THE PROBLEM: Reproduce precisely the lines between the start of the data below and the line with "E \<longleftrightarrow> (\<forall>v", both included.
════════════════════
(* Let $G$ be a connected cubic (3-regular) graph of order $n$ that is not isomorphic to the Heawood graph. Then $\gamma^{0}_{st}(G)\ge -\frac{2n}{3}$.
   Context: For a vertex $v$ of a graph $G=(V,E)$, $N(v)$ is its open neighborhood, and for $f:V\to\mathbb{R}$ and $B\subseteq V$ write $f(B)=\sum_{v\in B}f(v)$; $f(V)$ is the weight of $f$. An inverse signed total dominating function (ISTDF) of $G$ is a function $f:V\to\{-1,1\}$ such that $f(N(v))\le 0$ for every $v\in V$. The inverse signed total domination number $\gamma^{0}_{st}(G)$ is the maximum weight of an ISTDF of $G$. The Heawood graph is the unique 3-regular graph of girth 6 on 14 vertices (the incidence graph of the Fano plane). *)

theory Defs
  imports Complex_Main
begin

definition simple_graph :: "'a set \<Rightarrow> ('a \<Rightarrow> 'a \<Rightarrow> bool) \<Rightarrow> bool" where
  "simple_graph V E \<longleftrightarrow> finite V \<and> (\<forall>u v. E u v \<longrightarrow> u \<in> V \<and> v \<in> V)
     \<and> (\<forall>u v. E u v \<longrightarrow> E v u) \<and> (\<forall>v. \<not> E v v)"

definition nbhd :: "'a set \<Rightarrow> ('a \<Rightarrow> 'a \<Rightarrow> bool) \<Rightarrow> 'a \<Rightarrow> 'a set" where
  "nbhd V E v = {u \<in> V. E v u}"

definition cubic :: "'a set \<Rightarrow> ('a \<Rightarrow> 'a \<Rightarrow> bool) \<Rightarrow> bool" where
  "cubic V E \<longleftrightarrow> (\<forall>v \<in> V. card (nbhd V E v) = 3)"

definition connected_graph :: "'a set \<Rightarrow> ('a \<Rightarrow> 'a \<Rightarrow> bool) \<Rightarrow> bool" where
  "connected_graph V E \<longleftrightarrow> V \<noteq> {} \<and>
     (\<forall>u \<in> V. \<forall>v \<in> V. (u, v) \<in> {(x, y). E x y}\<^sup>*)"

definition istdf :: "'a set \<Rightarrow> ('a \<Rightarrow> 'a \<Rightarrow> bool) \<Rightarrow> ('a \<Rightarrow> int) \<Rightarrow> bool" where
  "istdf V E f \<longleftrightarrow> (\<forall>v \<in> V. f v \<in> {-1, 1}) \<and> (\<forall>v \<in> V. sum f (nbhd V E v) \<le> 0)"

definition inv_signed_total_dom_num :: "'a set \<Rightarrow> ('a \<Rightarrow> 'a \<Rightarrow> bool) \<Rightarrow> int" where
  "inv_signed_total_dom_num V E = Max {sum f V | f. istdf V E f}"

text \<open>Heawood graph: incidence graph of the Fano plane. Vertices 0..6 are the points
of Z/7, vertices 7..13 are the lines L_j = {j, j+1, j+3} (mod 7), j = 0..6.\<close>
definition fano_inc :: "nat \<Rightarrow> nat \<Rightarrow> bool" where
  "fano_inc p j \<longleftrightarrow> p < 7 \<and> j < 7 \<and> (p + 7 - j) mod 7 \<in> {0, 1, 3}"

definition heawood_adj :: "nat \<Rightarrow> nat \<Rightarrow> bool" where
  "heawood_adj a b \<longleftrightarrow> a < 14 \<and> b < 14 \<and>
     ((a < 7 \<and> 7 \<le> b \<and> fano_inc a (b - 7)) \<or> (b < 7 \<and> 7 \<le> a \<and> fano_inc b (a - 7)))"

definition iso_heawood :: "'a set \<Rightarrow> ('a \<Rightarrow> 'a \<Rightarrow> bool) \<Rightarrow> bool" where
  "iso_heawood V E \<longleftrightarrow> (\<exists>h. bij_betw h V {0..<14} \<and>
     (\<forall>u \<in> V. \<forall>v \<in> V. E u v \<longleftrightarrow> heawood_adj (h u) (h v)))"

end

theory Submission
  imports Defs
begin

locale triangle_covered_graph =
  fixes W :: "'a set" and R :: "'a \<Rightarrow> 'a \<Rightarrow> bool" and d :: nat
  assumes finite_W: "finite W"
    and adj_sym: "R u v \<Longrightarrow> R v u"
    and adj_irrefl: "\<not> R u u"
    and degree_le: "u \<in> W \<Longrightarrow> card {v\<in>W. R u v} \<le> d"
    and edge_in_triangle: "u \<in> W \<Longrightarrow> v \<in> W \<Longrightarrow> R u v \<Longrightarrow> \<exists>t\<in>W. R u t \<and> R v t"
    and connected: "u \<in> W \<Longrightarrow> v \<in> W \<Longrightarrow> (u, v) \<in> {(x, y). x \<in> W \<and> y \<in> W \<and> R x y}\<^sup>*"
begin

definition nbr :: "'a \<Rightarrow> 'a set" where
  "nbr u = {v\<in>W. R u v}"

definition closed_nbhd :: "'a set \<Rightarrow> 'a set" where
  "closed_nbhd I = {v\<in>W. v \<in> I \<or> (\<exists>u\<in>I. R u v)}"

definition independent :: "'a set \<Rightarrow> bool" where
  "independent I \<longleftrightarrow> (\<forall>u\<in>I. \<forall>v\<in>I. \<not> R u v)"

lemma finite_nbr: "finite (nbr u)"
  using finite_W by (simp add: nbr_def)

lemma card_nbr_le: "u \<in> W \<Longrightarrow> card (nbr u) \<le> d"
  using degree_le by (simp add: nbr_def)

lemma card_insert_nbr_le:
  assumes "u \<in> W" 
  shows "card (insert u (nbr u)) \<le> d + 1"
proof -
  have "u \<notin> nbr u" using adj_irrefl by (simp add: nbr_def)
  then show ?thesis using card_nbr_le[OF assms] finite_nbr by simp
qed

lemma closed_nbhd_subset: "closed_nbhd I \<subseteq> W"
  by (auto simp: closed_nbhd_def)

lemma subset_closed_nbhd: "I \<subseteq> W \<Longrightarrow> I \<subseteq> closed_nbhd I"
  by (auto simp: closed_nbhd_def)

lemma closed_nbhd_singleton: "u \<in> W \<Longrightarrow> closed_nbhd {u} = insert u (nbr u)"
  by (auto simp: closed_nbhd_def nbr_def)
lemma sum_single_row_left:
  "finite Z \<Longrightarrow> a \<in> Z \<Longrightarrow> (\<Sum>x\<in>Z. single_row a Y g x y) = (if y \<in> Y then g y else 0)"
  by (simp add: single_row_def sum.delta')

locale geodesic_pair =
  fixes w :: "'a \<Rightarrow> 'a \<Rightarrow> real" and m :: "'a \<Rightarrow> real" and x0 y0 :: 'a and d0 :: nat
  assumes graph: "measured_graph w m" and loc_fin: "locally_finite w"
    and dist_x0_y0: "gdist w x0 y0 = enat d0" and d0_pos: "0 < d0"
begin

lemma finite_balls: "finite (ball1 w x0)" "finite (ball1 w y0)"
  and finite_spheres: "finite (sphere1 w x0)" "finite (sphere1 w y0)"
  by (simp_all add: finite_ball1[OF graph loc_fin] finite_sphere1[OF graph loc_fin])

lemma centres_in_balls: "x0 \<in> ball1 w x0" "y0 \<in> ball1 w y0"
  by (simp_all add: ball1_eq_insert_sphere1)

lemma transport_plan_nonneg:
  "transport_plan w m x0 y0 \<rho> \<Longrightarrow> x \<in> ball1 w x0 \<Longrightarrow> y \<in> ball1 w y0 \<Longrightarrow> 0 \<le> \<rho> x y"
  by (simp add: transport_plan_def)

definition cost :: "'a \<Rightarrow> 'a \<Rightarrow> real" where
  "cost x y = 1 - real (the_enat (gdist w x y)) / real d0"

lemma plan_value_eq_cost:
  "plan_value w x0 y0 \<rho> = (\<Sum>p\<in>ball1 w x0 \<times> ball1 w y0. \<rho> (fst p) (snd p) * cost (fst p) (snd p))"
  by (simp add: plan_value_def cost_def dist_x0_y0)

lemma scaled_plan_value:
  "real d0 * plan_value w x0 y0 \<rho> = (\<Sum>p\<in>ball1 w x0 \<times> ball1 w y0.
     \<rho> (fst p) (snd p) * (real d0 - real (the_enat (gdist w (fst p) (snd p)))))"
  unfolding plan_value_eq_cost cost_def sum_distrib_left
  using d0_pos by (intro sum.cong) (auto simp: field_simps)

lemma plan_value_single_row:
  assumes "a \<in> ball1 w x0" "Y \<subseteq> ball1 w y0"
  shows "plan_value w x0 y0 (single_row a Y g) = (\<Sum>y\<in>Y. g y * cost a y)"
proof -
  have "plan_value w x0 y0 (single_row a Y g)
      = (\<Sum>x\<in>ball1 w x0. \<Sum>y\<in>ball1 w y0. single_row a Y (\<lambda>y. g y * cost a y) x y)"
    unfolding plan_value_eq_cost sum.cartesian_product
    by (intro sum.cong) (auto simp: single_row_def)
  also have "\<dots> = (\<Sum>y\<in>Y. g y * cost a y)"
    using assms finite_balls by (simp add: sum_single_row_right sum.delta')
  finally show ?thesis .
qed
════════════════════
SOLUTION TO THE PROBLEM:
(* Let $G$ be a connected cubic (3-regular) graph of order $n$ that is not isomorphic to the Heawood graph. Then $\gamma^{0}_{st}(G)\ge -\frac{2n}{3}$.
   Context: For a vertex $v$ of a graph $G=(V,E)$, $N(v)$ is its open neighborhood, and for $f:V\to\mathbb{R}$ and $B\subseteq V$ write $f(B)=\sum_{v\in B}f(v)$; $f(V)$ is the weight of $f$. An inverse signed total dominating function (ISTDF) of $G$ is a function $f:V\to\{-1,1\}$ such that $f(N(v))\le 0$ for every $v\in V$. The inverse signed total domination number $\gamma^{0}_{st}(G)$ is the maximum weight of an ISTDF of $G$. The Heawood graph is the unique 3-regular graph of girth 6 on 14 vertices (the incidence graph of the Fano plane). *)

theory Defs
  imports Complex_Main
begin

definition simple_graph :: "'a set \<Rightarrow> ('a \<Rightarrow> 'a \<Rightarrow> bool) \<Rightarrow> bool" where
  "simple_graph V E \<longleftrightarrow> finite V \<and> (\<forall>u v. E u v \<longrightarrow> u \<in> V \<and> v \<in> V)
     \<and> (\<forall>u v. E u v \<longrightarrow> E v u) \<and> (\<forall>v. \<not> E v v)"

definition nbhd :: "'a set \<Rightarrow> ('a \<Rightarrow> 'a \<Rightarrow> bool) \<Rightarrow> 'a \<Rightarrow> 'a set" where
  "nbhd V E v = {u \<in> V. E v u}"

definition cubic :: "'a set \<Rightarrow> ('a \<Rightarrow> 'a \<Rightarrow> bool) \<Rightarrow> bool" where
  "cubic V E \<longleftrightarrow> (\<forall>v \<in> V. card (nbhd V E v) = 3)"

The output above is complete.